Lee has said that The Fever King was personal, especially in the way it draws on questions of Jewish identity, intergenerational trauma, and abuse. Time spent in Sweden, including a jarring encounter with open neo-Nazi protest, fed into the book's anger and urgency. The result is YA science fiction and fantasy that cares about systems, but never forgets the people caught inside them.
Then Lee shifted gears, but not by much.
A Lesson in Vengeance moves into dark academia, with a haunted girls' school, queer desire, and a narrator trying to sort out grief from obsession. A Shot in the Dark, Lee's adult romance, heads to Brooklyn and follows an ex-Orthodox Jewish photographer and a trans artist whose connection is tangled up with art, addiction, faith, and recovery. Different genres, same interest in damaged people trying to tell the truth about themselves.
Readers who like Lee usually seem to come for that mix, sharp high-concept setups, queer characters, moral gray areas, and a willingness to sit with messy feelings instead of cleaning them up too fast.
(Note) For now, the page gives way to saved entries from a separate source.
theorem pi_not_in_Rats: "pi \<notin> \<rat>"
proof
  assume "pi \<in> \<rat>"
  then obtain m n :: nat where "n \<noteq> 0" "\<bar>pi\<bar> = real m / real n"
    by (rule Rats_abs_nat_div_natE)
  then have a_eq: "real m = real n * pi" and n_pos: "0 < real n"
    by (simp_all add: field_simps)
  obtain N where N: "pi * (pi * real m) ^ N < fact N"
    using exists_power_lt_fact by blast
  define f where "f = niven_poly (real m) (real n) N"
  define F where "F = alt_even_pderivs f N"
  have "(pderiv ^^ 2) F + F = f"
    using degree_niven_poly[of "real m" "real n" N]
    unfolding F_def f_def by (intro higher_pderiv_2_add_alt_even_pderivs) simp
  then obtain z where z: "0 < z" "z < pi" and F_sum: "poly F pi + poly F 0 = pi * (poly f z * sin z)"
    using poly_sin_mean_value by blast
  have "poly F pi = poly F 0"
    unfolding F_def f_def using a_eq by (intro poly_alt_even_pderivs_reflect niven_poly_reflect)
  with F_sum have F0: "2 * poly F 0 = pi * (poly f z * sin z)"
    by simp
  obtain w where w: "poly F 0 = of_int w * fact N"
    using poly_alt_even_pderivs_at_0_div_fact[OF niven_poly_Ints_coeff, of m n N N]
    by (auto simp: F_def f_def field_simps elim!: Ints_cases)
  have fz: "0 < poly f z" "poly f z \<le> (pi * real m) ^ N"
    unfolding f_def using niven_poly_bounds[OF a_eq n_pos z] by auto
  have sin_z: "0 < sin z"
    using z by (simp add: sin_gt_zero)
  have "0 < poly F 0"
    using F0 fz sin_z by (smt (verit) mult_pos_pos pi_gt_zero)
  have "poly f z * sin z \<le> (pi * real m) ^ N * 1"
    using fz sin_z by (intro mult_mono) auto
  then have "2 * poly F 0 \<le> pi * (pi * real m) ^ N"
    unfolding F0 by simp
  moreover have "fact N \<le> poly F 0"
    using \<open>0 < poly F 0\<close> unfolding w by (simp add: zero_less_mult_iff)
  ultimately show False
    using N fact_gt_zero[of N, where 'a = real] by linarith
qed

section \<open>A uniform gap for cosines of rational multiples\<close>

lemma cos_neq_1_of_Rats:
  fixes q :: real
  assumes "q \<in> \<rat>" "q \<noteq> 0"
  shows "cos q \<noteq> 1"
proof
  assume "cos q = 1"
  then obtain k :: int where k: "q = of_int k * 2 * pi"
    by (auto simp: cos_one_2pi_int)
  with assms have "pi = q / (2 * of_int k)"
    by (auto simp: field_simps)
  also have "\<dots> \<in> \<rat>"
    using assms(1) by (intro Rats_divide Rats_mult Rats_of_int) simp_all
  finally show False
    using pi_not_in_Rats by simp
qed

definition cos_gap :: "nat \<Rightarrow> real \<Rightarrow> real \<Rightarrow> bool" where
  "cos_gap T \<theta> \<delta> \<longleftrightarrow> (\<forall>n::int. n \<noteq> 0 \<and> \<bar>n\<bar> \<le> int T \<longrightarrow> cos (of_int n * \<theta>) \<le> 1 - \<delta>)"

lemma exists_cos_gap:
  fixes \<theta> :: real
  assumes "\<theta> \<in> \<rat>" "\<theta> \<noteq> 0"
  shows "\<exists>\<delta>>0. cos_gap T \<theta> \<delta>"
proof -
  have "\<forall>\<^sub>F \<delta> in at_right 0. \<forall>k\<in>{1..T}. cos (real k * \<theta>) \<le> 1 - \<delta>"
  proof (intro eventually_ball_finite ballI)
    fix k assume "k \<in> {1..T}"
    with assms have "real k * \<theta> \<in> \<rat>" "real k * \<theta> \<noteq> 0"
      by auto
    then have "cos (real k * \<theta>) < 1"
      using cos_neq_1_of_Rats cos_le_one less_le by blast
    then have "\<forall>\<^sub>F \<delta> in at_right 0. \<delta> < 1 - cos (real k * \<theta>)"
      by (intro order_tendstoD(2)[OF tendsto_ident_at]) simp
    then show "\<forall>\<^sub>F \<delta> in at_right 0. cos (real k * \<theta>) \<le> 1 - \<delta>"
      by eventually_elim simp
  qed simp
  with eventually_at_right_less have "\<forall>\<^sub>F \<delta> in at_right 0. 0 < \<delta> \<and> (\<forall>k\<in>{1..T}. cos (real k * \<theta>) \<le> 1 - \<delta>)"
    by (rule eventually_conj)
  from eventually_happens'[OF trivial_limit_at_right_real this]
  obtain \<delta> :: real where "0 < \<delta>" and \<delta>: "\<forall>k\<in>{1..T}. cos (real k * \<theta>) \<le> 1 - \<delta>"
    by (elim exE conjE)
  have "cos (of_int n * \<theta>) \<le> 1 - \<delta>" if "n \<noteq> 0" "\<bar>n\<bar> \<le> int T" for n :: int
  proof -
    have "of_int n * \<theta> = real (nat \<bar>n\<bar>) * \<theta> \<or> of_int n * \<theta> = - (real (nat \<bar>n\<bar>) * \<theta>)"
      by (cases "0 \<le> n") simp_all
    then have "cos (of_int n * \<theta>) = cos (real (nat \<bar>n\<bar>) * \<theta>)"
      by (metis cos_minus)
    moreover have "nat \<bar>n\<bar> \<in> {1..T}"
      using that by auto
    ultimately show ?thesis
      using \<delta> by metis
  qed
  with \<open>0 < \<delta>\<close> show ?thesis
    unfolding cos_gap_def by blast
qed

section \<open>Concentration of SoftMax\<close>

lemma SoftMax_gt_of_margin:
  fixes s :: "nat \<Rightarrow> real"
  assumes "j0 \<in> {1..n}" and margin: "\<forall>j\<in>{1..n}. j \<noteq> j0 \<longrightarrow> s j + D \<le> s j0"
    and "real n * exp (- D) < eps"
  shows "1 - eps < SoftMax s n j0"
proof -
  define t where "t = real n * exp (- D)"
  have "exp (s j) \<le> (if j = j0 then exp (s j0) else 0) + exp (s j0) * exp (- D)" if "j \<in> {1..n}" for j
    using margin that by (auto simp flip: exp_add)
  then have "(\<Sum>j=1..n. exp (s j)) \<le> (\<Sum>j=1..n. (if j = j0 then exp (s j0) else 0) + exp (s j0) * exp (- D))"
    by (rule sum_mono)
  also have "\<dots> = exp (s j0) * (1 + t)"
    using assms(1) by (simp add: sum.distrib t_def algebra_simps)
  moreover have "0 < (\<Sum>j=1..n. exp (s j))" and t0: "0 \<le> t"
    using assms(1) by (auto simp: t_def intro: sum_pos)
  ultimately have "exp (s j0) / (exp (s j0) * (1 + t)) \<le> SoftMax s n j0"
    unfolding SoftMax_def by (intro divide_left_mono) auto
  then have "1 / (1 + t) \<le> SoftMax s n j0"
    by simp
  moreover have "1 - t \<le> 1 / (1 + t)"
    using t0 by (simp add: le_divide_eq algebra_simps)
  ultimately show ?thesis
    using assms(3) by (simp add: t_def)
qed

lemma SoftMax_peak_at_shift:
  fixes s :: "nat \<Rightarrow> real"
  assumes gap: "cos_gap T \<theta> \<delta>"
    and "0 \<le> g" "g * \<delta> = L" "real T * exp (- L) < eps" "l < i" "i \<le> T"
    and s: "\<forall>j\<in>{1..i}. s j = B * \<psi> * cos ((real j - 1) * \<theta>) + g * cos ((real i - real l - real j) * \<theta>)"
    and "\<psi> = 0"
  shows "1 - eps < SoftMax s i (i - l)"
proof (rule SoftMax_gt_of_margin)
  show peak: "i - l \<in> {1..i}"
    using \<open>l < i\<close> by auto
  show "real i * exp (- L) < eps"
    using assms(4,6) by (smt (verit) exp_gt_zero mult_right_mono of_nat_mono)
  show "\<forall>j\<in>{1..i}. j \<noteq> i - l \<longrightarrow> s j + L \<le> s (i - l)"
  proof (intro ballI impI)
    fix j assume j: "j \<in> {1..i}" "j \<noteq> i - l"
    have "int i - int l - int j \<noteq> 0 \<and> \<bar>int i - int l - int j\<bar> \<le> int T"
      using j \<open>l < i\<close> \<open>i \<le> T\<close> by auto
    then have "cos (of_int (int i - int l - int j) * \<theta>) \<le> 1 - \<delta>"
      by (rule gap[unfolded cos_gap_def, rule_format])
    then have "cos ((real i - real l - real j) * \<theta>) \<le> 1 - \<delta>"
      by simp
    then have "g * cos ((real i - real l - real j) * \<theta>) \<le> g * (1 - \<delta>)"
      using \<open>0 \<le> g\<close> by (intro mult_left_mono) auto
    moreover have "s (i - l) = g"
      using s peak \<open>\<psi> = 0\<close> \<open>l < i\<close> by simp
    ultimately show "s j + L \<le> s (i - l)"
      using s j \<open>\<psi> = 0\<close> \<open>g * \<delta> = L\<close> by (simp add: algebra_simps)
  qed
qed

lemma SoftMax_peak_at_first:
  fixes s :: "nat \<Rightarrow> real"
  assumes gap: "cos_gap T \<theta> \<delta>"
    and "0 < \<delta>" "0 \<le> g" "0 \<le> B" "B * \<delta> = L + 2 * g" "real T * exp (- L) < eps" "i \<in> {1..T}"
    and s: "\<forall>j\<in>{1..i}. s j = B * \<psi> * cos ((real j - 1) * \<theta>) + g * cos ((real i - real l - real j) * \<theta>)"
    and "1 \<le> \<psi>"
  shows "1 - eps < SoftMax s i 1"
proof (rule SoftMax_gt_of_margin)
  show peak: "1 \<in> {1..i}"
    using \<open>i \<in> {1..T}\<close> by auto
  show "real i * exp (- L) < eps"
    using assms(6,7) by (smt (verit) atLeastAtMost_iff exp_gt_zero mult_right_mono of_nat_mono)
  show "\<forall>j\<in>{1..i}. j \<noteq> 1 \<longrightarrow> s j + L \<le> s 1"
  proof (intro ballI impI)
    fix j assume j: "j \<in> {1..i}" "j \<noteq> 1"
    have "int j - 1 \<noteq> 0 \<and> \<bar>int j - 1\<bar> \<le> int T"
      using j \<open>i \<in> {1..T}\<close> by auto
    then have "cos (of_int (int j - 1) * \<theta>) \<le> 1 - \<delta>"
      by (rule gap[unfolded cos_gap_def, rule_format])
    then have "cos ((real j - 1) * \<theta>) \<le> 1 - \<delta>"
      by simp
    then have "B * \<psi> * cos ((real j - 1) * \<theta>) \<le> B * \<psi> * (1 - \<delta>)"
      using \<open>0 \<le> B\<close> \<open>1 \<le> \<psi>\<close> by (intro mult_left_mono) auto
    moreover have "g * cos ((real i - real l - real j) * \<theta>) \<le> g * 1"
      "g * (- 1) \<le> g * cos ((real i - real l - 1) * \<theta>)"
      using \<open>0 \<le> g\<close> by (intro mult_left_mono; simp)+
    moreover have "L + 2 * g \<le> B * \<delta> * \<psi>"
      using \<open>1 \<le> \<psi>\<close> \<open>0 < \<delta>\<close> \<open>0 \<le> B\<close> \<open>B * \<delta> = L + 2 * g\<close>
      by (metis mult_left_mono mult.right_neutral zero_le_mult_iff less_imp_le)
    ultimately show "s j + L \<le> s 1"
      using s j peak by (simp add: algebra_simps)
  qed
qed

lemma exists_SoftMax_margin_params:
  fixes \<delta> eps :: real
  assumes "0 < \<delta>" "0 < eps" "eps < 1" "1 \<le> T"
  shows "\<exists>L g B. real T * exp (- L) < eps \<and> 0 \<le> g \<and> g * \<delta> = L \<and> 0 \<le> B \<and> B * \<delta> = L + 2 * g"
proof -
  define L where "L = ln (real T / eps) + 1"
  have "exp (- L) = exp (- ln (real T / eps)) * exp (- 1)"
    by (simp add: L_def flip: exp_add)
  also have "exp (- ln (real T / eps)) = eps / real T"
    using assms exp_ln[of "real T / eps"] by (simp add: exp_minus)
  finally have "real T * exp (- L) = eps * exp (- 1)"
    using assms by simp
  also have "\<dots> < eps"
    using assms(2) by simp
  finally have "real T * exp (- L) < eps" .
  moreover have "0 < L"
    using assms by (simp add: L_def add_nonneg_pos)
  ultimately show ?thesis
    using assms(1) by (intro exI[of _ L] exI[of _ "L / \<delta>"] exI[of _ "(L + 2 * (L / \<delta>)) / \<delta>"]) auto
qed

section \<open>The attention head\<close>

definition two_row_mat :: "nat \<Rightarrow> nat \<Rightarrow> 'a::zero vec \<Rightarrow> 'a vec \<Rightarrow> 'a mat" where
  "two_row_mat n m r0 r1 = mat\<^sub>r n m (\<lambda>r. if r = 0 then r0 else if r = 1 then r1 else 0\<^sub>v m)"

lemma two_row_mat_carrier [simp]: "two_row_mat n m r0 r1 \<in> carrier_mat n m"
  by (simp add: two_row_mat_def)

lemma scalar_prod_two_row_mat_mult_vec:
  fixes q0 q1 k0 k1 :: "'a::comm_semiring_1 vec"
  assumes "2 \<le> n" "q0 \<in> carrier_vec m" "q1 \<in> carrier_vec m" "k0 \<in> carrier_vec m" "k1 \<in> carrier_vec m"
    and "a \<in> carrier_vec m" "b \<in> carrier_vec m"
  shows "(two_row_mat n m q0 q1 *\<^sub>v a) \<bullet> (two_row_mat n m k0 k1 *\<^sub>v b) = (q0 \<bullet> a) * (k0 \<bullet> b) + (q1 \<bullet> a) * (k1 \<bullet> b)"
proof -
  have "(two_row_mat n m q0 q1 *\<^sub>v a) \<bullet> (two_row_mat n m k0 k1 *\<^sub>v b)
      = (\<Sum>r\<in>{0..<n}. (two_row_mat n m q0 q1 *\<^sub>v a) $ r * (two_row_mat n m k0 k1 *\<^sub>v b) $ r)"
    by (simp add: scalar_prod_def two_row_mat_def)
  also have "\<dots> = (\<Sum>r\<in>{0..<2}. (two_row_mat n m q0 q1 *\<^sub>v a) $ r * (two_row_mat n m k0 k1 *\<^sub>v b) $ r)"
    using assms by (intro sum.mono_neutral_right) (auto simp: two_row_mat_def)
  also have "\<dots> = (q0 \<bullet> a) * (k0 \<bullet> b) + (q1 \<bullet> a) * (k1 \<bullet> b)"
    using assms by (simp add: two_row_mat_def numeral_2_eq_2)
  finally show ?thesis .
qed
There are villains who charm, survivors who make bad choices, and relationships that matter because they change the stakes, not because they make the plot nicer. Even the companion Feverwake novellas, The Stars and Everything in Between and The Traitor's Crown, stay focused on aftermath, history, and the emotional cost of power.
These days Lee lives in Colorado with a partner, children, and two energetic pets. When not writing, Lee has said the off-page life includes cooking elaborate meals, hiking, and fussing over houseplants. It sounds like a pretty good setup for someone who writes books that are dark on the page, but very alive underneath.